In the past, the term “drug” meant anything that was able to heal. It could be vegetable, animal, mineral substances or incantations, spells, amulets, etc. The essential thing was to escape death. This led to the birth of numerous imaginative practices that only today can be said to have been almost completely abandoned. Speaking of plants, the theory of “signatures” is well-known, which tied the plant’s medicinal effectiveness to its outward shape. Because it has lobed leaves with lower face a wine red, Hepatica nobilis was thought to be useful in treating the liver, and so on. Of course, under the congeries of multiform beliefs and information, “reason” gradually succeeded in understanding what could objectively be of use to the patient.
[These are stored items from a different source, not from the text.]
definition sel_prod :: "(nat \<Rightarrow> 'a::ring_1) \<Rightarrow> nat set \<Rightarrow> nat list \<Rightarrow> 'a" where
  "sel_prod f S xs = prod_list (map (\<lambda>i. if i \<in> S then f i else 1) xs)"

lemma sel_prod_simps [simp]:
  "sel_prod f S [] = 1"
  "sel_prod f S (k # ks) = (if k \<in> S then f k else 1) * sel_prod f S ks"
  by (simp_all add: sel_prod_def)

lemma sel_prod_cong: "(\<And>i. i \<in> set xs \<Longrightarrow> i \<in> S \<longleftrightarrow> i \<in> S') \<Longrightarrow> sel_prod f S xs = sel_prod f S' xs"
  by (induction xs) auto

lemma sel_prod_empty: "sel_prod f {} xs = 1"
  by (induction xs) auto

lemma sel_prod_toggle:
  fixes f :: "nat \<Rightarrow> 'a::ring_1"
  assumes "distinct xs" "j \<in> set xs"
    and commute: "\<And>k. k \<in> set xs \<Longrightarrow> f j * f k = f k * f j" and square: "f j * f j = -1"
  shows "f j * sel_prod f S xs =
    (if j \<in> S then - sel_prod f (S - {j}) xs else sel_prod f (insert j S) xs)"
  using assms(1,2) commute
proof (induction xs)
  case Nil
  then show ?case by simp
next
  case (Cons k ks)
  show ?case
  proof (cases "k = j")
    case True
    then have "j \<notin> set ks" using Cons.prems by auto
    then have "sel_prod f (S - {j}) ks = sel_prod f S ks" "sel_prod f (insert j S) ks = sel_prod f S ks"
      by (auto intro: sel_prod_cong)
    then show ?thesis using True square by (simp add: mult.assoc[symmetric])
  next
    case False
    then have IH: "f j * sel_prod f S ks =
        (if j \<in> S then - sel_prod f (S - {j}) ks else sel_prod f (insert j S) ks)"
      using Cons by auto
    have swap: "f j * (if k \<in> S then f k else 1) = (if k \<in> S then f k else 1) * f j"
      using Cons.prems(3)[of k] by auto
    have "f j * sel_prod f S (k # ks) = (if k \<in> S then f k else 1) * (f j * sel_prod f S ks)"
      by (simp only: sel_prod_simps mult.assoc[symmetric] swap)
    then show ?thesis using IH False by auto
  qed
qed

lemma sel_prod_sign_commute:
  assumes "\<And>k. k \<in> set xs \<Longrightarrow> sign_commute x (f k)"
  shows "sign_commute x (sel_prod f S xs)"
  using assms
proof (induction xs)
  case Nil
  then show ?case by (simp add: sign_commute_def)
next
  case (Cons k ks)
  define g where "g = (if k \<in> S then f k else 1)"
  have "sign_commute x g" using Cons.prems[of k] by (auto simp: g_def sign_commute_def)
  moreover have "sign_commute x (sel_prod f S ks)" using Cons by auto
  ultimately show ?case unfolding sign_commute_def sel_prod_simps g_def[symmetric]
    by (elim disjE) (simp_all add: mult.assoc[symmetric], simp_all add: mult.assoc)
qed

locale Q_algebra =
  fixes n :: nat and sc :: "complex \<Rightarrow> 'a::ring_1" and u v :: "nat \<Rightarrow> 'a"
  assumes calg: "calg sc" and rels: "Q_rels n u v"
begin

abbreviation idx :: "nat set" where "idx \<equiv> {1..<n}"
abbreviation M :: "'a set" where "M \<equiv> signed_words n u v"
abbreviation s :: "nat \<Rightarrow> 'a" where "s \<equiv> sgen sc u v"

lemma u_square: "i \<in> idx \<Longrightarrow> u i * u i = -1"
  and v_square: "i \<in> idx \<Longrightarrow> v i * v i = -1"
  using rels unfolding Q_rels_def by auto

lemma u_commute: "i \<in> idx \<Longrightarrow> j \<in> idx \<Longrightarrow> u j * u i = u i * u j"
  and v_commute: "i \<in> idx \<Longrightarrow> j \<in> idx \<Longrightarrow> v j * v i = v i * v j"
  using rels u_square v_square comm_square_minus_one unfolding Q_rels_def by (metis mult_1_right)+

lemma vu_anticommute:
  assumes "i \<in> idx" "j \<in> idx" "i \<le> j + 1" "j \<le> i + 1"
  shows "v j * u i = - (u i * v j)"
  using assms rels u_square v_square comm_square_minus_one unfolding Q_rels_def
  by (metis mult_minus1_right mult_minus_left)

lemma vu_commute_far:
  assumes "i \<in> idx" "j \<in> idx" "\<not> (i \<le> j + 1 \<and> j \<le> i + 1)"
  shows "v j * u i = u i * v j"
proof -
  have "i \<ge> j + 2 \<or> j \<ge> i + 2" using assms(3) by auto
  then have "comm (u i) (v j) = 1" using rels assms(1,2) unfolding Q_rels_def by blast
  then show ?thesis using comm_square_minus_one u_square v_square assms(1,2) by (metis mult_1_right)
qed

lemma vu_sign_commute: "i \<in> idx \<Longrightarrow> j \<in> idx \<Longrightarrow> sign_commute (v j) (u i)"
  unfolding sign_commute_def using vu_commute_far vu_anticommute by blast

lemma word_sel_prod: "word n u v S T = sel_prod u S [1..<n] * sel_prod v T [1..<n]"
  by (simp add: word_def sel_prod_def)

lemma signed_words_iff:
  "m \<in> M \<longleftrightarrow> (\<exists>S T. S \<subseteq> idx \<and> T \<subseteq> idx \<and> (m = word n u v S T \<or> m = - word n u v S T))"
  unfolding signed_words_def word_idx_def by auto

lemma word_in: "S \<subseteq> idx \<Longrightarrow> T \<subseteq> idx \<Longrightarrow> word n u v S T \<in> M"
  by (auto simp: signed_words_iff)

lemma neg_in_iff [simp]: "- m \<in> M \<longleftrightarrow> m \<in> M"
  unfolding signed_words_iff by (metis minus_minus)

lemma one_in: "1 \<in> M"
  using word_in[of "{}" "{}"] by (simp add: word_sel_prod sel_prod_empty)

lemma finite_signed_words: "finite M"
proof -
  have "M \<subseteq> (\<lambda>(S, T). word n u v S T) ` word_idx n \<union> (\<lambda>(S, T). - word n u v S T) ` word_idx n"
    unfolding signed_words_def by auto
  moreover have "finite (word_idx n)" by (simp add: word_idx_def)
  ultimately show ?thesis by (meson finite_UnI finite_imageI finite_subset)
qed

(* Left multiplication by a generator sends a word to a signed word: u_j toggles j in S,
   while v_j first passes the u-part (up to sign) and then toggles j in T. *)
lemma generator_times_word:
  assumes j: "j \<in> idx" and S: "S \<subseteq> idx" and T: "T \<subseteq> idx"
  shows "u j * word n u v S T \<in> M" "v j * word n u v S T \<in> M"
proof -
  have d: "distinct [1..<n]" "j \<in> set [1..<n]" using j by auto
  have u_toggle: "u j * sel_prod u S [1..<n] =
      (if j \<in> S then - sel_prod u (S - {j}) [1..<n] else sel_prod u (insert j S) [1..<n])"
    by (rule sel_prod_toggle[OF d]) (use u_commute u_square j in auto)
  have v_toggle: "v j * sel_prod v T [1..<n] =
      (if j \<in> T then - sel_prod v (T - {j}) [1..<n] else sel_prod v (insert j T) [1..<n])"
    by (rule sel_prod_toggle[OF d]) (use v_commute v_square j in auto)
  have S': "S - {j} \<subseteq> idx" "insert j S \<subseteq> idx" and T': "T - {j} \<subseteq> idx" "insert j T \<subseteq> idx"
    using S T j by auto
  have "u j * word n u v S T = (u j * sel_prod u S [1..<n]) * sel_prod v T [1..<n]"
    by (simp add: word_sel_prod mult.assoc)
  then show "u j * word n u v S T \<in> M"
    unfolding u_toggle using word_in[OF S'(1) T] word_in[OF S'(2) T]
    by (auto simp: word_sel_prod)
  have "sign_commute (v j) (sel_prod u S [1..<n])"
    by (rule sel_prod_sign_commute) (use vu_sign_commute j in auto)
  then have "v j * word n u v S T = sel_prod u S [1..<n] * (v j * sel_prod v T [1..<n])
      \<or> v j * word n u v S T = - (sel_prod u S [1..<n] * (v j * sel_prod v T [1..<n]))"
    unfolding sign_commute_def word_sel_prod by (auto simp: mult.assoc[symmetric])
  moreover have "sel_prod u S [1..<n] * (v j * sel_prod v T [1..<n]) \<in> M"
    unfolding v_toggle using word_in[OF S T'(1)] word_in[OF S T'(2)]
    by (auto simp: word_sel_prod mult.assoc)
  ultimately show "v j * word n u v S T \<in> M" by auto
qed

lemma generator_times:
  assumes "j \<in> idx" "m \<in> M"
  shows "u j * m \<in> M" "v j * m \<in> M"
proof -
  obtain S T where "S \<subseteq> idx" "T \<subseteq> idx" "m = word n u v S T \<or> m = - word n u v S T"
    using assms(2) unfolding signed_words_iff by blast
  then show "u j * m \<in> M" "v j * m \<in> M"
    using generator_times_word[OF assms(1)] by auto
qed

lemma generator_in: "j \<in> idx \<Longrightarrow> u j \<in> M" "j \<in> idx \<Longrightarrow> v j \<in> M"
  using generator_times[OF _ one_in] by auto

definition factors :: "nat set \<Rightarrow> nat set \<Rightarrow> 'a list" where
  "factors S T = map (\<lambda>i. if i \<in> S then u i else 1) [1..<n] @ map (\<lambda>i. if i \<in> T then v i else 1) [1..<n]"

lemma word_factors: "word n u v S T = prod_list (factors S T)"
  by (simp add: word_def factors_def)
(* Let $J^{bu}(x,y,q;z)=\sum_{\nu\in\mathcal{CP}^{bu}}x^{v(\nu)}y^{h(\nu)}q^{o(\nu)}z^{c(\nu)}$. Then $$J^{bu}(x,y,q;z)=\frac{q^4xy(1-q^2yz)}{(1-q^2yz)^2-q^2(1+qyz-q^2yz)^2x}.$$
   Context: A cell is a unit square in the plane whose center is an integer point and whose sides are parallel to the axes. A polyomino is a finite set of cells which is connected under edge-adjacency; polyominoes are considered up to translation. A column (resp. row) is the set of cells whose centers have a fixed $x$- (resp. $y$-) coordinate; a polyomino is convex if each column and each row is a contiguous block of cells. Number the columns $1,2,\dots$ from left to right; $u(\nu,j)$ and $b(\nu,j)$ denote the heights (center $y$-coordinates) of the top and bottom cells of column $j$. $\mathcal{CP}^{bu}$ is the set of nonempty convex polyominoes $\nu$ such that for all columns $j$ and all $s\ge j+1$, $u(\nu,s)\le u(\nu,j)$ and $b(\nu,s)\ge b(\nu,j)$. For $\nu$: $v(\nu)$ = number of columns, $h(\nu)$ = number of rows, $c(\nu)$ = number of cells in the first (leftmost) column minus $1$, and $o(\nu)$ (outer-site perimeter) = number of cells not in $\nu$ sharing a side with a cell of $\nu$. *)

theory Defs
  imports "HOL-Analysis.Analysis"
begin

text \<open>Cells are identified with their centers (x,y) in Z x Z.\<close>
type_synonym cell = "int \<times> int"

definition adj :: "cell \<Rightarrow> cell \<Rightarrow> bool" where
  "adj a b \<longleftrightarrow> \<bar>fst a - fst b\<bar> + \<bar>snd a - snd b\<bar> = 1"

definition polyomino :: "cell set \<Rightarrow> bool" where
  "polyomino P \<longleftrightarrow> finite P \<and>
     (\<forall>a\<in>P. \<forall>b\<in>P. (a, b) \<in> {(c, d). c \<in> P \<and> d \<in> P \<and> adj c d}\<^sup>*)"

definition convex_poly :: "cell set \<Rightarrow> bool" where
  "convex_poly P \<longleftrightarrow>
     (\<forall>a\<in>P. \<forall>b\<in>P. fst a = fst b \<longrightarrow> (\<forall>t. min (snd a) (snd b) \<le> t \<and> t \<le> max (snd a) (snd b) \<longrightarrow> (fst a, t) \<in> P)) \<and>
     (\<forall>a\<in>P. \<forall>b\<in>P. snd a = snd b \<longrightarrow> (\<forall>t. min (fst a) (fst b) \<le> t \<and> t \<le> max (fst a) (fst b) \<longrightarrow> (t, snd a) \<in> P))"

text \<open>Columns are numbered 1,2,... from left to right: column j has x-coordinate
  (leftmost x) + j - 1.\<close>
definition column :: "cell set \<Rightarrow> nat \<Rightarrow> cell set" where
  "column P j = {c \<in> P. fst c = Min (fst ` P) + int j - 1}"

definition utop :: "cell set \<Rightarrow> nat \<Rightarrow> int" where
  "utop P j = Max (snd ` column P j)"

definition bbot :: "cell set \<Rightarrow> nat \<Rightarrow> int" where
  "bbot P j = Min (snd ` column P j)"

definition vcols :: "cell set \<Rightarrow> nat" where
  "vcols P = card (fst ` P)"

definition hrows :: "cell set \<Rightarrow> nat" where
  "hrows P = card (snd ` P)"

definition cfirst :: "cell set \<Rightarrow> nat" where
  "cfirst P = card (column P 1) - 1"

definition operim :: "cell set \<Rightarrow> nat" where
  "operim P = card {c. c \<notin> P \<and> (\<exists>d\<in>P. adj c d)}"

definition CPbu :: "cell set \<Rightarrow> bool" where
  "CPbu P \<longleftrightarrow> P \<noteq> {} \<and> polyomino P \<and> convex_poly P \<and>
     (\<forall>j s. 1 \<le> j \<and> j + 1 \<le> s \<and> s \<le> vcols P \<longrightarrow>
        utop P s \<le> utop P j \<and> bbot P s \<ge> bbot P j)"

text \<open>Polyominoes up to translation: we take the unique representative whose
  leftmost column has x = 0 and bottom row has y = 0.\<close>
definition normalized :: "cell set \<Rightarrow> bool" where
  "normalized P \<longleftrightarrow> Min (fst ` P) = 0 \<and> Min (snd ` P) = 0"

definition CPbu_classes :: "cell set set" where
  "CPbu_classes = {P. CPbu P \<and> normalized P}"

end

theory Submission
  imports Defs
begin
text \<open>
  Call a set U of the trees dense if the random graph has at least |U| edges between
  vertices of the trees in U (cycle witness), or if |U| = m + 1 and it has at least m such
  edges (component witness). A cycle in R_0 either lies in one tree, which is impossible
  without a random edge, or visits trees U each of which it enters along its own random
  edge, so U is dense of the first kind. A component with more than x m vertices meets
  at least m + 1 trees, and growing a connected set of trees one random edge at a time
  yields m + 1 of them spanned by at least m random edges.

  A union bound over the choices of U bounds the probability of a dense set of s trees
  by (t choose s) (s x)^(2s) p^s / s!, which is at most q^s with q = e^2 t x^2 p <= e^2 n p x.
  Summing over s gives O(n p x) for cycles, and m = 2 ln(n/x) makes the component
  term O(x/n).
\<close>

lemma power_div_fact_le_exp: "real s ^ s / fact s \<le> exp (real s)"
proof -
  have S: "(\<lambda>n. real s ^ n /\<^sub>R fact n) sums exp (real s)" by (rule exp_converges)
  have "(\<Sum>n\<in>{s}. real s ^ n /\<^sub>R fact n) \<le> (\<Sum>n. real s ^ n /\<^sub>R fact n)"
    by (rule sum_le_suminf[OF sums_summable[OF S]]) auto
  thus ?thesis using sums_unique[OF S] by (simp add: divide_inverse mult.commute)
qed

lemma binomial_le_pow_div_fact: "real (n choose k) \<le> real n ^ k / fact k"
proof -
  have "real ((n choose k) * fact k) \<le> real (n ^ k)"
    using binomial_fact_pow[of n k] by linarith
  hence "real (n choose k) * fact k \<le> real n ^ k" by simp
  thus ?thesis by (simp add: field_simps)
qed

lemma geometric_sum_le_twice_first:
  fixes q :: real assumes "0 \<le> q" "2 * q \<le> 1"
  shows "(\<Sum>s\<in>{1..N}. q ^ s) \<le> 2 * q"
proof -
  have "(\<Sum>s\<in>{1..N}. q ^ s) \<le> 2 * q - 2 * q ^ Suc N"
  proof (induction N)
    case (Suc N)
    have "2 * q ^ Suc (Suc N) \<le> 1 * q ^ Suc N"
      using mult_right_mono[OF assms(2), of "q ^ Suc N"] assms(1) by simp
    with Suc show ?case by simp
  qed simp
  moreover have "0 \<le> q ^ Suc N" using assms(1) by simp
  ultimately show ?thesis by linarith
qed

lemma finite_pairs: "finite V \<Longrightarrow> finite (pairs V)"
  unfolding pairs_def by (simp add: finite_Pow_iff)

lemma pairs_mono: "A \<subseteq> B \<Longrightarrow> pairs A \<subseteq> pairs B"
  unfolding pairs_def by auto

lemma card_pairs_le: assumes "finite W" shows "card (pairs W) \<le> card W ^ 2"
proof -
  have "pairs W \<subseteq> (\<lambda>(a, b). {a, b}) ` (W \<times> W)"
    by (auto simp: pairs_def card_2_iff)
  hence "card (pairs W) \<le> card ((\<lambda>(a, b). {a, b}) ` (W \<times> W))"
    by (intro card_mono) (auto simp: assms)
  also have "\<dots> \<le> card (W \<times> W)" by (rule card_image_le) (simp add: assms)
  finally show ?thesis by (simp add: power2_eq_square card_cartesian_product)
qed

lemma set_pmf_random_graph: "G \<in> set_pmf (random_graph V p) \<Longrightarrow> G \<subseteq> pairs V"
  unfolding random_graph_def by auto

lemma prob_random_graph_contains:
  assumes "finite V" "S \<subseteq> pairs V" "0 \<le> p" "p \<le> 1"
  shows "measure_pmf.prob (random_graph V p) {G. S \<subseteq> G} = p ^ card S"
proof -
  have fin: "finite (pairs V)" by (rule finite_pairs[OF assms(1)])
  have "(\<lambda>f. {e \<in> pairs V. f e}) -` {G. S \<subseteq> G} = Pi (pairs V) (\<lambda>e. if e \<in> S then {True} else UNIV)"
    using assms(2) by (auto simp: Pi_def)
  hence "measure_pmf.prob (random_graph V p) {G. S \<subseteq> G}
     = (\<Prod>e\<in>pairs V. measure_pmf.prob (bernoulli_pmf p) (if e \<in> S then {True} else UNIV))"
    unfolding random_graph_def measure_map_pmf by (simp add: measure_Pi_pmf_Pi[OF fin])
  also have "\<dots> = (\<Prod>e\<in>pairs V. if e \<in> S then p else 1)"
    by (rule prod.cong) (use assms in \<open>auto simp: measure_pmf_single\<close>)
  also have "\<dots> = p ^ card S"
    using assms(2) fin by (simp add: prod.If_cases Int_absorb1)
  finally show ?thesis .
qed

lemma prob_random_graph_edges_in_ge:
  assumes "finite V" "Q \<subseteq> pairs V" "0 \<le> p" "p \<le> 1"
  shows "measure_pmf.prob (random_graph V p) {G. m \<le> card (G \<inter> Q)} \<le> real (card Q choose m) * p ^ m"
proof -
  let ?M = "random_graph V p" and ?I = "{S. S \<subseteq> Q \<and> card S = m}"
  have finQ: "finite Q" using finite_pairs[OF assms(1)] assms(2) finite_subset by blast
  have "{G. m \<le> card (G \<inter> Q)} \<subseteq> (\<Union>S\<in>?I. {G. S \<subseteq> G})"
  proof
    fix G assume "G \<in> {G. m \<le> card (G \<inter> Q)}"
    then obtain S where "S \<subseteq> G \<inter> Q" "card S = m"
      using obtain_subset_with_card_n by (metis mem_Collect_eq)
    thus "G \<in> (\<Union>S\<in>?I. {G. S \<subseteq> G})" by auto
  qed
  hence "measure_pmf.prob ?M {G. m \<le> card (G \<inter> Q)} \<le> measure_pmf.prob ?M (\<Union>S\<in>?I. {G. S \<subseteq> G})"
    by (rule measure_pmf.finite_measure_mono) simp
  also have "\<dots> \<le> (\<Sum>S\<in>?I. measure_pmf.prob ?M {G. S \<subseteq> G})"
    by (rule measure_pmf.finite_measure_subadditive_finite) (use finQ in auto)
  also have "\<dots> = (\<Sum>S\<in>?I. p ^ m)"
    by (rule sum.cong) (use assms in \<open>auto intro!: prob_random_graph_contains\<close>)
  also have "\<dots> = real (card Q choose m) * p ^ m" using n_subsets[OF finQ] by simp
  finally show ?thesis .
qed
In the Mediterranean world, the oldest information on the use of plants as medicines is linked to the Egyptians, but the use of officinal herbs by the peoples of the Tigris and Euphrates, Indians, and the peoples of the Far East is also well documented.
The art of healing took shape in classical antiquity, in Greece. Hippocrates (5th cent. BC) was its main architect. From the Greek world the use of plant species in therapy passed to the Roman one, where herbal medicine was considered a science. Dioscorides (1st cent. A.D.) described 600 different medicinals, mostly from plants, in his “materia medica”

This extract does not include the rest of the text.